Borrowings under the Exit Credit Facility may not exceed a “borrowing base” determined by the lenders under the credit facility based on the Company’s oil and natural gas reserves. During the first quarter of 2019, as a result of divestitures consummated in the fourth quarter of 2018, the borrowing base was reduced by $2.0 million to $260.3 million. In addition, in May 2019, in conjunction with the semi-annual redetermination, the borrowing base was reduced by $150.3 million to $110 million, primarily as a result of the divestitures of the San Juan Basin and Mid-Continent assets as well as a decline in bank commodity price assumptions. As of June 30, 2019, the borrowing base under the Exit Credit Facility was $110.0 million. The borrowing base is subject to scheduled redeterminations semi-annually as of April 1 and October 1 of each year with an additional redetermination once per calendar year at the election of either the Company or the lenders.

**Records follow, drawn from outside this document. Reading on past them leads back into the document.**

lemma sum_avg_step_star:
  fixes \<phi> :: "real \<Rightarrow> real"
  assumes "k \<in> {2..n}"
  shows "(\<Sum>i\<in>{1..n}. \<phi> (avg_step {1, k} v i))
           = (\<Sum>i\<in>{1..n}. \<phi> (v i)) - \<phi> (v 1) - \<phi> (v k) + 2 * \<phi> ((v 1 + v k) / 2)"
proof -
  have k1: "k \<noteq> 1" using assms by auto
  have "(\<Sum>i\<in>{1..n} - {1, k}. \<phi> (avg_step {1, k} v i)) = (\<Sum>i\<in>{1..n} - {1, k}. \<phi> (v i))"
    by (rule sum.cong) (auto simp: avg_step_def)
  then show ?thesis
    using sum_split_center_leaf[OF assms, of "\<lambda>i. \<phi> (avg_step {1, k} v i)"]
      sum_split_center_leaf[OF assms, of "\<lambda>i. \<phi> (v i)"] k1
    by (simp add: avg_step_def)
qed

lemma sum_avg_step_star_eq: "k \<in> {2..n} \<Longrightarrow> (\<Sum>i\<in>{1..n}. avg_step {1, k} v i) = (\<Sum>i\<in>{1..n}. v i)"
  using sum_avg_step_star[of k n "\<lambda>x. x" v] by (simp add: field_simps)

section \<open>Upper bound\<close>

definition sq_dev :: "nat \<Rightarrow> real \<Rightarrow> (nat \<Rightarrow> real) \<Rightarrow> real" where
  "sq_dev n a v = (\<Sum>i\<in>{1..n}. (v i - a)^2)"

lemma sq_dev_avg_step_star:
  "k \<in> {2..n} \<Longrightarrow> sq_dev n a (avg_step {1, k} v) = sq_dev n a v - (v 1 - v k)^2 / 2"
  using sum_avg_step_star[of k n "\<lambda>x. (x - a)^2" v] unfolding sq_dev_def
  by (simp add: power2_eq_square field_simps)

lemma sq_dev_le_sum_star_gaps:
  assumes "2 \<le> n" "(\<Sum>i\<in>{1..n}. v i) = real n * a"
  shows "sq_dev n a v \<le> (\<Sum>k\<in>{2..n}. (v 1 - v k)^2)"
proof -
  define x where "x i = v i - a" for i
  have split: "{1..n} = insert 1 {2..n}" using assms(1) by auto
  have "(\<Sum>i\<in>{1..n}. x i) = 0"
    using assms(2) by (simp add: x_def sum_subtractf)
  then have sum_leaves: "(\<Sum>k\<in>{2..n}. x k) = - x 1" unfolding split by simp
  have "(\<Sum>k\<in>{2..n}. (v 1 - v k)^2) = (\<Sum>k\<in>{2..n}. x 1 ^ 2 - 2 * x 1 * x k + (x k)^2)"
    by (rule sum.cong) (auto simp: x_def power2_eq_square algebra_simps)
  also have "\<dots> = real (n - 1) * x 1 ^ 2 + 2 * x 1 ^ 2 + (\<Sum>k\<in>{2..n}. (x k)^2)"
    by (simp add: sum.distrib sum_subtractf sum_distrib_left[symmetric] sum_leaves power2_eq_square)
  finally show ?thesis unfolding sq_dev_def split by (simp add: x_def)
qed

lemma mean_step_sq_dev_star:
  assumes "2 \<le> n" "(\<Sum>i\<in>{1..n}. v i) = real n * a"
  shows "mean_step (star_edges n) (sq_dev n a) v \<le> (1 - 1 / (2 * real n)) * sq_dev n a v"
proof -
  define D where "D = (\<Sum>k\<in>{2..n}. (v 1 - v k)^2)"
  have "(\<Sum>k\<in>{2..n}. sq_dev n a (avg_step {1, k} v)) = (\<Sum>k\<in>{2..n}. sq_dev n a v - (v 1 - v k)^2 / 2)"
    by (intro sum.cong refl sq_dev_avg_step_star)
  then have "mean_step (star_edges n) (sq_dev n a) v
      = (\<Sum>k\<in>{2..n}. sq_dev n a v - (v 1 - v k)^2 / 2) / real (n - 1)"
    unfolding mean_step_def sum_star_edges card_star_edges by simp
  also have "\<dots> = sq_dev n a v - D / (2 * real (n - 1))"
    using assms(1) by (simp add: sum_subtractf D_def sum_divide_distrib[symmetric] field_simps)
  also have "\<dots> \<le> sq_dev n a v - sq_dev n a v / (2 * real n)"
  proof -
    have "0 \<le> sq_dev n a v" unfolding sq_dev_def by (simp add: sum_nonneg)
    then have "sq_dev n a v / (2 * real n) \<le> sq_dev n a v / (2 * real (n - 1))"
      using assms(1) by (intro divide_left_mono) auto
    also have "\<dots> \<le> D / (2 * real (n - 1))"
      using sq_dev_le_sum_star_gaps[OF assms] assms(1) by (intro divide_right_mono) (auto simp: D_def)
    finally show ?thesis by simp
  qed
  finally show ?thesis by (simp add: algebra_simps)
qed

lemma l1_dev_le_sq_dev:
  assumes "0 < \<epsilon>" "1 \<le> n"
  shows "l1_dev n v0 v \<le> real n / (2 * \<epsilon>) * sq_dev n ((\<Sum>j\<in>{1..n}. v0 j) / real n) v + \<epsilon> / 2"
proof -
  let ?a = "(\<Sum>j\<in>{1..n}. v0 j) / real n"
  have "\<bar>x\<bar> \<le> real n / (2 * \<epsilon>) * x^2 + \<epsilon> / (2 * real n)" for x :: real
  proof -
    have "0 \<le> real n / (2 * \<epsilon>) * (\<bar>x\<bar> - \<epsilon> / real n)^2" using assms by simp
    also have "\<dots> = real n / (2 * \<epsilon>) * x^2 + \<epsilon> / (2 * real n) - \<bar>x\<bar>"
      using assms by (simp add: power2_eq_square field_simps)
    finally show ?thesis by simp
  qed
  then have "l1_dev n v0 v \<le> (\<Sum>i\<in>{1..n}. real n / (2 * \<epsilon>) * (v i - ?a)^2 + \<epsilon> / (2 * real n))"
    unfolding l1_dev_def by (intro sum_mono)
  also have "\<dots> = real n / (2 * \<epsilon>) * sq_dev n ?a v + \<epsilon> / 2"
    using assms by (simp add: sum.distrib sum_distrib_left sq_dev_def)
  finally show ?thesis .
qed

lemma sq_dev_mean_le_l1_norm:
  assumes "(\<Sum>i\<in>{1..n}. \<bar>v i\<bar>) = 1" "1 \<le> n"
  shows "sq_dev n ((\<Sum>j\<in>{1..n}. v j) / real n) v \<le> 1"
proof -
  define s where "s = (\<Sum>j\<in>{1..n}. v j)"
  define a where "a = s / real n"
  have "sq_dev n a v = (\<Sum>i\<in>{1..n}. (v i)^2) - 2 * a * s + real n * a^2"
    unfolding sq_dev_def s_def
    by (simp add: power2_eq_square algebra_simps sum.distrib sum_subtractf sum_distrib_left)
  also have "\<dots> = (\<Sum>i\<in>{1..n}. (v i)^2) - real n * a^2"
    using assms(2) by (simp add: a_def power2_eq_square field_simps)
  also have "\<dots> \<le> (\<Sum>i\<in>{1..n}. \<bar>v i\<bar>)"
  proof -
    have "(v i)^2 \<le> \<bar>v i\<bar>" if "i \<in> {1..n}" for i
    proof -
      have "\<bar>v i\<bar> \<le> 1" using member_le_sum[OF that, of "\<lambda>i. \<bar>v i\<bar>"] assms(1) by simp
      then have "\<bar>v i\<bar> * \<bar>v i\<bar> \<le> \<bar>v i\<bar>" by (rule mult_left_le) simp
      then show ?thesis by (simp add: power2_eq_square)
    qed
    then have "(\<Sum>i\<in>{1..n}. (v i)^2) \<le> (\<Sum>i\<in>{1..n}. \<bar>v i\<bar>)" by (rule sum_mono)
    moreover have "0 \<le> real n * a^2" by simp
    ultimately show ?thesis by linarith
  qed
  finally show ?thesis using assms(1) by (simp add: a_def s_def)
qed

lemma mean_after_sq_dev_star:
  assumes "2 \<le> n" "(\<Sum>i\<in>{1..n}. v i) = real n * a"
  shows "mean_after (star_edges n) t (sq_dev n a) v \<le> (1 - 1 / (2 * real n)) ^ t * sq_dev n a v"
proof (rule mean_after_geometric_decay[where I = "{v. (\<Sum>i\<in>{1..n}. v i) = real n * a}"])
  show "avg_invariant (star_edges n) {v. (\<Sum>i\<in>{1..n}. v i) = real n * a}"
    unfolding avg_invariant_def star_edges_eq_image using sum_avg_step_star_eq by auto
qed (use assms mean_step_sq_dev_star in \<open>auto simp: finite_star_edges star_edges_nonempty\<close>)

lemma exp_l1_dev_le_mean_sq_dev:
  assumes "finite E" "E \<noteq> {}" "0 < \<epsilon>" "1 \<le> n"
  shows "exp_l1_dev n E t v0
           \<le> real n / (2 * \<epsilon>) * mean_after E t (sq_dev n ((\<Sum>j\<in>{1..n}. v0 j) / real n)) v0 + \<epsilon> / 2"
proof -
  let ?a = "(\<Sum>j\<in>{1..n}. v0 j) / real n"
  have "exp_l1_dev n E t v0 \<le> mean_after E t (\<lambda>v. real n / (2 * \<epsilon>) * sq_dev n ?a v + \<epsilon> / 2) v0"
    unfolding exp_l1_dev_eq_mean_after
    by (rule mean_after_mono[where I = UNIV]) (use l1_dev_le_sq_dev assms in \<open>auto simp: avg_invariant_def\<close>)
  also have "\<dots> = real n / (2 * \<epsilon>) * mean_after E t (sq_dev n ?a) v0 + \<epsilon> / 2"
    by (rule mean_after_affine[OF assms(1,2)])
  finally show ?thesis .
qed

lemma l1_mixed_star:
  assumes "0 < \<epsilon>" "2 \<le> n" "2 * real n * ln (real n / \<epsilon>^2) \<le> real T"
  shows "l1_mixed n (star_edges n) \<epsilon> T"
  unfolding l1_mixed_def
proof (intro allI impI)
  fix v0 :: "nat \<Rightarrow> real"
  assume norm: "(\<Sum>i\<in>{1..n}. \<bar>v0 i\<bar>) = 1"
  let ?a = "(\<Sum>j\<in>{1..n}. v0 j) / real n"
  let ?r = "1 - 1 / (2 * real n)"
  have n0: "0 < real n" using assms(2) by simp
  have r0: "0 \<le> ?r" using assms(2) by (simp add: field_simps)
  have "?r ^ T \<le> exp (- (1 / (2 * real n))) ^ T"
    using exp_ge_add_one_self[of "- (1 / (2 * real n))"] r0 by (intro power_mono) auto
  also have "\<dots> = exp (- (real T / (2 * real n)))" by (simp add: exp_of_nat_mult[symmetric])
  also have "\<dots> \<le> exp (- ln (real n / \<epsilon>^2))" using assms(3) n0 by (simp add: field_simps)
  also have "\<dots> = \<epsilon>^2 / real n" using n0 assms(1) by (simp add: exp_minus)
  finally have decay: "?r ^ T \<le> \<epsilon>^2 / real n" .
  have "mean_after (star_edges n) T (sq_dev n ?a) v0 \<le> ?r ^ T * sq_dev n ?a v0"
    using assms(2) n0 by (intro mean_after_sq_dev_star) auto
  also have "\<dots> \<le> ?r ^ T"
    using sq_dev_mean_le_l1_norm[OF norm] assms(2) r0 by (intro mult_left_le) auto
  finally have "real n / (2 * \<epsilon>) * mean_after (star_edges n) T (sq_dev n ?a) v0
      \<le> real n / (2 * \<epsilon>) * (\<epsilon>^2 / real n)"
    using decay assms(1) n0 by (intro mult_left_mono) auto
  also have "\<dots> = \<epsilon> / 2" using assms(1) n0 by (simp add: power2_eq_square)
  finally have "real n / (2 * \<epsilon>) * mean_after (star_edges n) T (sq_dev n ?a) v0 \<le> \<epsilon> / 2" .
  then show "exp_l1_dev n (star_edges n) T v0 \<le> \<epsilon>"
    using exp_l1_dev_le_mean_sq_dev[OF finite_star_edges star_edges_nonempty[OF assms(2)] assms(1), of n T v0]
      assms(2) by linarith
qed

lemma ln_ge_1: "3 \<le> n \<Longrightarrow> 1 \<le> ln (real n)"
  using exp_le by (subst ln_ge_iff) auto

lemma t_eps1_star_le:
  assumes "0 < \<epsilon>" "\<epsilon> < 1" "3 \<le> n"
  shows "real (t_eps1 n (star_edges n) \<epsilon>) \<le> (3 + 4 * - ln \<epsilon>) * real n * ln (real n)"
proof -
  define x where "x = 2 * real n * ln (real n / \<epsilon>^2)"
  have x_eq: "x = 2 * real n * ln (real n) + 4 * - ln \<epsilon> * real n"
    using assms(1,3) by (simp add: x_def ln_div ln_realpow algebra_simps)
  have ln_n: "1 \<le> ln (real n)" using ln_ge_1[OF assms(3)] .
  have ln_eps: "0 \<le> - ln \<epsilon>" using assms(1,2) by simp
  have "t_eps1 n (star_edges n) \<epsilon> \<le> nat \<lceil>x\<rceil>"
    using assms(1,3) real_nat_ceiling_ge[of x] by (intro t_eps1_le l1_mixed_star) (auto simp: x_def)
  moreover have "real (nat \<lceil>x\<rceil>) \<le> x + 1"
  proof -
    have "0 \<le> x" unfolding x_eq using ln_n ln_eps by (intro add_nonneg_nonneg mult_nonneg_nonneg) auto
    then show ?thesis using of_int_ceiling_le_add_one[of x] by simp
  qed
  ultimately have "real (t_eps1 n (star_edges n) \<epsilon>) \<le> x + 1"
    by (meson of_nat_le_iff order_trans)
  also have "\<dots> \<le> (3 + 4 * - ln \<epsilon>) * real n * ln (real n)"
  proof -
    have "4 * - ln \<epsilon> * real n * 1 \<le> 4 * - ln \<epsilon> * real n * ln (real n)"
      using ln_eps ln_n by (intro mult_left_mono) (auto intro: mult_nonneg_nonpos)
    moreover have "1 * 1 \<le> real n * ln (real n)" using assms(3) ln_n by (intro mult_mono) auto
    ultimately show ?thesis unfolding x_eq by (simp add: algebra_simps)
  qed
  finally show ?thesis .
qed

The Exit Credit Facility requires the following (as defined in the Credit Agreement):

·

the Total Debt to EBITDAX ratio covenant to be no greater than 4.0 to 1.0;

·

the current consolidated assets (including unused commitments under the Exit Credit Facility) to current consolidated liabilities to be no less than 1.0 to 1.0;

·

the percentage of Mortgaged Properties to be no less than 95% of the total value of the Oil and Gas Properties evaluated in the most recent Reserve Report;

·

no later than 60 days following the Effective Date, 70% of projected production volumes (excluding projected production volumes from certain properties) be hedged (as of the date such swap agreements were executed) for the 18 months following the Effective Date;

·

cash held by the Company be limited to the greater of 5% of the current borrowing base or $30.0 million; and

·

no return of capital to shareholders, however dividends or distributions to shareholders can be made if the Total Debt to EBTIDAX ratio is less than 2.75 to 1.0 and unused availability under the borrowing base is greater than 15%.

As of June 30, 2019, the Company was in compliance with all of these financial covenants.